## EXERCISE
Please find every line below that includes "split" and report how many there are. Nothing else is needed.

##### INFORMATION

(* Let $\lambda>0$, $\mathbf{A}\in\mathbb{R}^{m\times n}$ with columns $\mathbf{a}_1,\dots,\mathbf{a}_n$, let $f:\mathbb{R}^m\to\mathbb{R}\cup\{+\infty\}$, and let $h:\mathbb{R}\to\mathbb{R}\cup\{+\infty\}$ be proper, closed and convex with $0\in\mathrm{dom}(h)$, $h(0)=0$, and $0$ an accumulation point of $\mathrm{dom}(h)$. Let $\nu=(\mathcal{S}_0,\mathcal{S}_1,\mathcal{S}_\bullet)$ and $\nu'=(\mathcal{S}_0',\mathcal{S}_1',\mathcal{S}_\bullet')$ be partitions of $\{1,\dots,n\}$ such that $\mathcal{S}_0\subseteq\mathcal{S}_0'$, $\mathcal{S}_1\subseteq\mathcal{S}_1'$ and $(\mathcal{S}_0'\setminus\mathcal{S}_0)\cup(\mathcal{S}_1'\setminus\mathcal{S}_1)=\{i\}$ for some $i\in\mathcal{S}_\bullet$. Then for all $\mathbf{u}\in\mathbb{R}^m$, $$D^{\nu'}(\mathbf{u})=D^\nu(\mathbf{u})+\begin{cases}\phi_0(\mathbf{a}_i^\top\mathbf{u}) & \text{if } i\in\mathcal{S}_0',\\ \phi_1(\mathbf{a}_i^\top\mathbf{u}) & \text{if } i\in\mathcal{S}_1'.\end{cases}$$
   Context: $\|\mathbf{x}\|_0$ is the number of nonzero entries of $\mathbf{x}$; $\eta(\text{condition})=0$ if the condition holds and $+\infty$ otherwise; $\omega^*$ denotes the convex conjugate of $\omega$. An accumulation point $0$ of a set $\mathcal{C}\subseteq\mathbb{R}$: every neighborhood of $0$ contains a point of $\mathcal{C}$ other than $0$. For a partition $\nu=(\mathcal{S}_0,\mathcal{S}_1,\mathcal{S}_\bullet)$: $\mathcal{X}^\nu=\{\mathbf{x}\in\mathbb{R}^n: x_j=0\ \forall j\in\mathcal{S}_0,\ x_j\neq0\ \forall j\in\mathcal{S}_1\}$; $g^\nu(\mathbf{x})=\lambda\|\mathbf{x}\|_0+\sum_{j=1}^n h(x_j)+\eta(\mathbf{x}\in\mathcal{X}^\nu)$; $D^\nu(\mathbf{u})=-f^*(-\mathbf{u})-(g^\nu)^*(\mathbf{A}^\top\mathbf{u})$. Also $\phi_0(v)=\max(h^*(v)-\lambda,0)$ and $\phi_1(v)=\max(\lambda-h^*(v),0)$. *)

theory Defs
  imports "HOL-Analysis.Analysis"
begin
lemma MN_iter_in_Times:
  assumes maps: "\<forall>x\<in>I. \<forall>y\<in>I. M x y \<in> I \<and> N x y \<in> I" and z: "z \<in> I \<times> I"
  shows "MN_iter M N n z \<in> I \<times> I"
proof (induction n)
  case 0
  show ?case using z by simp
next
  case (Suc n)
  obtain x y where xy: "MN_iter M N n z = (x, y)"
    by (cases "MN_iter M N n z")
  with Suc have "x \<in> I" "y \<in> I"
    by simp_all
  with maps xy show ?case
    by (simp add: MN_iter_Suc)
qed

lemma continuous_on_MN_iter:
  assumes maps: "\<forall>x\<in>I. \<forall>y\<in>I. M x y \<in> I \<and> N x y \<in> I"
    and "continuous_on (I \<times> I) (\<lambda>(x, y). M x y)" "continuous_on (I \<times> I) (\<lambda>(x, y). N x y)"
  shows "continuous_on (I \<times> I) (MN_iter M N n)"
proof (induction n)
  case 0
  show ?case by (simp add: continuous_on_id')
next
  case (Suc n)
  have "continuous_on (I \<times> I) (\<lambda>z. ((\<lambda>(x, y). M x y) z, (\<lambda>(x, y). N x y) z))"
    using assms(2,3) by (rule continuous_on_Pair)
  then have step: "continuous_on (I \<times> I) (\<lambda>(x, y). (M x y, N x y))"
    by (simp add: case_prod_beta')
  have "MN_iter M N (Suc n) = (\<lambda>z. (\<lambda>(x, y). (M x y, N x y)) (MN_iter M N n z))"
    by (simp add: fun_eq_iff MN_iter_Suc)
  moreover have "MN_iter M N n ` (I \<times> I) \<subseteq> I \<times> I"
    using MN_iter_in_Times[OF maps] by blast
  ultimately show ?case
    using continuous_on_compose2[OF step Suc] by simp
qed

lemma invariant_mean_MN_iter:
  assumes maps: "\<forall>x\<in>I. \<forall>y\<in>I. M x y \<in> I \<and> N x y \<in> I"
    and inv: "invariant_mean I M N K" and z: "z \<in> I \<times> I"
  shows "case_prod K (MN_iter M N n z) = case_prod K z"
proof (induction n)
  case (Suc n)
  obtain x y where xy: "MN_iter M N n z = (x, y)"
    by (cases "MN_iter M N n z")
  with MN_iter_in_Times[OF maps z, of n] have "x \<in> I" "y \<in> I"
    by simp_all
  then show ?case
    using xy Suc inv by (simp add: MN_iter_Suc invariant_mean_def)
qed simp

lemma invariant_mean_between_MN_iter:
  assumes maps: "\<forall>x\<in>I. \<forall>y\<in>I. M x y \<in> I \<and> N x y \<in> I"
    and "is_mean I K" and "invariant_mean I M N K" and z: "z \<in> I \<times> I"
  shows "case_prod min (MN_iter M N n z) \<le> case_prod K z \<and> case_prod K z \<le> case_prod max (MN_iter M N n z)"
proof -
  obtain x y where xy: "MN_iter M N n z = (x, y)"
    by (cases "MN_iter M N n z")
  with MN_iter_in_Times[OF maps z, of n] have "x \<in> I" "y \<in> I"
    by simp_all
  have "case_prod K z = K x y"
    using invariant_mean_MN_iter[OF maps assms(3) z, of n] xy by simp
  then show ?thesis
    using is_meanD[OF assms(2) \<open>x \<in> I\<close> \<open>y \<in> I\<close>] xy by simp
qed

definition spread :: "real \<times> real \<Rightarrow> real" where
  "spread p = \<bar>fst p - snd p\<bar>"

lemma spread_eq_max_minus_min: "spread p = case_prod max p - case_prod min p"
  by (cases p) (simp add: spread_def max_def min_def)

lemma tendsto_spread [tendsto_intros]:
  "(f \<longlongrightarrow> l) F \<Longrightarrow> ((\<lambda>x. spread (f x)) \<longlongrightarrow> spread l) F"
  unfolding spread_def by (intro tendsto_intros)

lemma continuous_on_spread [continuous_intros]:
  "continuous_on S f \<Longrightarrow> continuous_on S (\<lambda>x. spread (f x))"
  unfolding spread_def by (intro continuous_intros)

lemma dist_diagonal_le_spread:
  assumes "case_prod min p \<le> k" "k \<le> case_prod max p"
  shows "dist p (k, k) \<le> spread p"
proof (cases p)
  case (Pair a b)
  have "dist p (k, k) = sqrt ((dist a k)\<^sup>2 + (dist b k)\<^sup>2)"
    by (simp add: Pair dist_Pair_Pair)
  also have "\<dots> \<le> \<bar>a - k\<bar> + \<bar>b - k\<bar>"
    using sqrt_sum_squares_le_sum_abs by (simp add: dist_real_def)
  also have "\<dots> = \<bar>a - b\<bar>"
    using assms unfolding Pair by (cases "a \<le> b") (simp_all add: min_def max_def)
  finally show ?thesis by (simp add: Pair spread_def)
qed

definition MN_limit :: "(real \<Rightarrow> real \<Rightarrow> real) \<Rightarrow> (real \<Rightarrow> real \<Rightarrow> real) \<Rightarrow> real \<Rightarrow> real \<Rightarrow> real" where
  "MN_limit M N x y = lim (\<lambda>n. fst (MN_iter M N n (x, y)))"

lemma MN_limit_eqI:
  assumes "(\<lambda>n. MN_iter M N n (x, y)) \<longlonglongrightarrow> (k, k)"
  shows "MN_limit M N x y = k"
  using tendsto_fst[OF assms] unfolding MN_limit_def by (simp add: limI)

locale mean_pair =
  fixes I :: "real set" and M N :: "real \<Rightarrow> real \<Rightarrow> real"
  assumes maps_into: "\<forall>x\<in>I. \<forall>y\<in>I. M x y \<in> I \<and> N x y \<in> I"
    and mean_M: "is_mean I M" and mean_N: "is_mean I N"
begin

lemma MN_iter_Suc_nested:
  assumes z: "z \<in> I \<times> I"
  shows "case_prod min (MN_iter M N n z) \<le> case_prod min (MN_iter M N (Suc n) z)"
    and "case_prod max (MN_iter M N (Suc n) z) \<le> case_prod max (MN_iter M N n z)"
proof -
  obtain x y where xy: "MN_iter M N n z = (x, y)"
    by (cases "MN_iter M N n z")
  with MN_iter_in_Times[OF maps_into z, of n] have "x \<in> I" "y \<in> I"
    by simp_all
  with is_meanD[OF mean_M \<open>x \<in> I\<close> \<open>y \<in> I\<close>] is_meanD[OF mean_N \<open>x \<in> I\<close> \<open>y \<in> I\<close>] xy
  show "case_prod min (MN_iter M N n z) \<le> case_prod min (MN_iter M N (Suc n) z)"
    and "case_prod max (MN_iter M N (Suc n) z) \<le> case_prod max (MN_iter M N n z)"
    by (simp_all add: MN_iter_Suc)
qed

lemma spread_MN_iter_Suc_le:
  "z \<in> I \<times> I \<Longrightarrow> spread (MN_iter M N (Suc n) z) \<le> spread (MN_iter M N n z)"
  using MN_iter_Suc_nested[of z n] unfolding spread_eq_max_minus_min by linarith

lemma MN_iter_in_square:
  assumes z: "z \<in> I \<times> I"
  defines "J \<equiv> {case_prod min z..case_prod max z}"
  shows "MN_iter M N n z \<in> J \<times> J"
proof -
  obtain a b where ab: "MN_iter M N n z = (a, b)"
    by (cases "MN_iter M N n z")
  have "case_prod min z \<le> min a b"
    using lift_Suc_mono_le[of "\<lambda>k. case_prod min (MN_iter M N k z)", OF MN_iter_Suc_nested(1)[OF z], of 0 n]
    by (simp add: ab)
  moreover have "max a b \<le> case_prod max z"
    using lift_Suc_antimono_le[of "\<lambda>k. case_prod max (MN_iter M N k z)", OF MN_iter_Suc_nested(2)[OF z], of 0 n]
    by (simp add: ab)
  moreover have "min a b \<le> a" "min a b \<le> b" "a \<le> max a b" "b \<le> max a b"
    by simp_all
  ultimately show ?thesis
    unfolding J_def ab mem_Times_iff atLeastAtMost_iff fst_conv snd_conv by linarith
qed

lemma MN_iter_convergent_subseq:
  assumes "is_interval I" and z: "z \<in> I \<times> I"
  obtains l r where "l \<in> I \<times> I" "strict_mono r" "(\<lambda>n. MN_iter M N (r n) z) \<longlonglongrightarrow> l"
proof -
  obtain x y where xy: "z = (x, y)" "x \<in> I" "y \<in> I"
    using z by (cases z) simp
  define J where "J = {case_prod min z..case_prod max z}"
  have "J \<subseteq> I"
    unfolding J_def xy using is_interval_min_max_subset[OF assms(1) xy(2,3)] by simp
  have "compact (J \<times> J)"
    unfolding J_def by (intro compact_Times compact_Icc)
  moreover have "\<forall>n. MN_iter M N n z \<in> J \<times> J"
    using MN_iter_in_square[OF z] unfolding J_def by blast
  ultimately obtain l r where l: "l \<in> J \<times> J" "strict_mono r" "((\<lambda>n. MN_iter M N n z) \<circ> r) \<longlonglongrightarrow> l"
    by (rule seq_compactE[OF compact_imp_seq_compact])
  from l(1) \<open>J \<subseteq> I\<close> have "l \<in> I \<times> I"
    by auto
  with l(2,3) show thesis
    by (intro that) (simp_all add: comp_def)
qed

end

locale contractive_mean_pair = mean_pair +
  assumes interval: "is_interval I"
    and cont_M: "continuous_on (I \<times> I) (\<lambda>(x, y). M x y)"
    and cont_N: "continuous_on (I \<times> I) (\<lambda>(x, y). N x y)"
    and contractive: "weakly_contractive I M N"
begin

lemma spread_at_limit_point:
  assumes z: "z \<in> I \<times> I" and r: "strict_mono r"
    and l: "(\<lambda>n. MN_iter M N (r n) z) \<longlonglongrightarrow> l" "l \<in> I \<times> I"
    and L: "(\<lambda>n. spread (MN_iter M N n z)) \<longlonglongrightarrow> L"
  shows "spread (MN_iter M N k l) = L"
proof -
  have "(\<lambda>n. MN_iter M N k (MN_iter M N (r n) z)) \<longlonglongrightarrow> MN_iter M N k l"
    using continuous_on_tendsto_compose[OF continuous_on_MN_iter[OF maps_into cont_M cont_N] l]
      MN_iter_in_Times[OF maps_into z] by (simp add: always_eventually)
  then have "(\<lambda>n. spread (MN_iter M N (k + r n) z)) \<longlonglongrightarrow> spread (MN_iter M N k l)"
    by (simp add: MN_iter_add tendsto_spread)
  moreover have "strict_mono (\<lambda>n. k + r n)"
    using r by (simp add: strict_mono_def)
  then have "(\<lambda>n. spread (MN_iter M N (k + r n) z)) \<longlonglongrightarrow> L"
    using LIMSEQ_subseq_LIMSEQ[OF L] by (simp add: comp_def)
  ultimately show ?thesis
    by (rule LIMSEQ_unique)
qed

lemma spread_MN_iter_tendsto_0:
  assumes z: "z \<in> I \<times> I"
  shows "(\<lambda>n. spread (MN_iter M N n z)) \<longlonglongrightarrow> 0"
proof -
  have dec: "decseq (\<lambda>n. spread (MN_iter M N n z))"
    using spread_MN_iter_Suc_le[OF z] by (rule decseq_SucI)
  have nonneg: "\<forall>n. 0 \<le> spread (MN_iter M N n z)"
    by (simp add: spread_def)
  obtain L where L: "(\<lambda>n. spread (MN_iter M N n z)) \<longlonglongrightarrow> L"
    using decseq_convergent[OF dec nonneg] by blast
  obtain l r where l: "l \<in> I \<times> I" "strict_mono r" "(\<lambda>n. MN_iter M N (r n) z) \<longlonglongrightarrow> l"
    by (rule MN_iter_convergent_subseq[OF interval z])
  obtain a b where ab: "l = (a, b)" "a \<in> I" "b \<in> I"
    using l(1) by (cases l) simp
  have spread_l: "spread (MN_iter M N k (a, b)) = L" for k
    using spread_at_limit_point[OF z l(2,3,1) L] ab(1) by simp
  have "L = 0"
  proof (rule ccontr)
    assume "L \<noteq> 0"
    then have "a \<noteq> b"
      using spread_l[of 0] by (auto simp: spread_def)
    then obtain k where "spread (MN_iter M N k (a, b)) < spread (a, b)"
      using contractive[unfolded weakly_contractive_def, rule_format, OF ab(2,3)]
      unfolding spread_def by auto
    then show False
      using spread_l[of k] spread_l[of 0] by simp
  qed
  with L show ?thesis
    by simp
qed

lemma MN_iter_tendsto_diagonal:
  assumes z: "z \<in> I \<times> I"
  shows "\<exists>k. (\<forall>n. case_prod min (MN_iter M N n z) \<le> k \<and> k \<le> case_prod max (MN_iter M N n z))
    \<and> (\<lambda>n. MN_iter M N n z) \<longlonglongrightarrow> (k, k)"
proof -
  define lo where "lo n = case_prod min (MN_iter M N n z)" for n
  define hi where "hi n = case_prod max (MN_iter M N n z)" for n
  have "\<exists>k. ((\<forall>n. lo n \<le> k) \<and> lo \<longlonglongrightarrow> k) \<and> ((\<forall>n. k \<le> hi n) \<and> hi \<longlonglongrightarrow> k)"
  proof (rule nested_sequence_unique)
    show "\<forall>n. lo n \<le> lo (Suc n)" "\<forall>n. hi (Suc n) \<le> hi n"
      using MN_iter_Suc_nested[OF z] unfolding lo_def hi_def by simp_all
    show "\<forall>n. lo n \<le> hi n"
      unfolding lo_def hi_def by (auto split: prod.split simp: min_le_iff_disj)
    have "lo n - hi n = - spread (MN_iter M N n z)" for n
      unfolding lo_def hi_def spread_eq_max_minus_min by (simp split: prod.split)
    then show "(\<lambda>n. lo n - hi n) \<longlonglongrightarrow> 0"
      using tendsto_minus[OF spread_MN_iter_tendsto_0[OF z]] by simp
  qed
  then obtain k where k: "\<forall>n. lo n \<le> k" "lo \<longlonglongrightarrow> k" "\<forall>n. k \<le> hi n" "hi \<longlonglongrightarrow> k"
    by blast
  have "lo n \<le> fst (MN_iter M N n z) \<and> fst (MN_iter M N n z) \<le> hi n"
    and "lo n \<le> snd (MN_iter M N n z) \<and> snd (MN_iter M N n z) \<le> hi n" for n
    unfolding lo_def hi_def by (simp_all split: prod.split)
  then have "(\<lambda>n. fst (MN_iter M N n z)) \<longlonglongrightarrow> k" "(\<lambda>n. snd (MN_iter M N n z)) \<longlonglongrightarrow> k"
    using real_tendsto_sandwich[OF _ _ k(2) k(4)] by (simp_all add: always_eventually)
  from tendsto_Pair[OF this] have "(\<lambda>n. MN_iter M N n z) \<longlonglongrightarrow> (k, k)"
    by simp
  with k(1,3) show ?thesis
    unfolding lo_def hi_def by blast
qed

lemma
  assumes "x \<in> I" "y \<in> I"
  shows MN_limit_between: "case_prod min (MN_iter M N n (x, y)) \<le> MN_limit M N x y
      \<and> MN_limit M N x y \<le> case_prod max (MN_iter M N n (x, y))"
    and tendsto_MN_iter_MN_limit:
      "(\<lambda>n. MN_iter M N n (x, y)) \<longlonglongrightarrow> (MN_limit M N x y, MN_limit M N x y)"
proof -
  have "(x, y) \<in> I \<times> I"
    using assms by simp
  then obtain k
    where bounds: "\<forall>n. case_prod min (MN_iter M N n (x, y)) \<le> k \<and> k \<le> case_prod max (MN_iter M N n (x, y))"
      and conv: "(\<lambda>n. MN_iter M N n (x, y)) \<longlonglongrightarrow> (k, k)"
    using MN_iter_tendsto_diagonal by blast
  moreover have "MN_limit M N x y = k"
    using conv by (rule MN_limit_eqI)
  ultimately show "case_prod min (MN_iter M N n (x, y)) \<le> MN_limit M N x y
      \<and> MN_limit M N x y \<le> case_prod max (MN_iter M N n (x, y))"
    and "(\<lambda>n. MN_iter M N n (x, y)) \<longlonglongrightarrow> (MN_limit M N x y, MN_limit M N x y)"
    by simp_all
qed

##########

## REPLY
3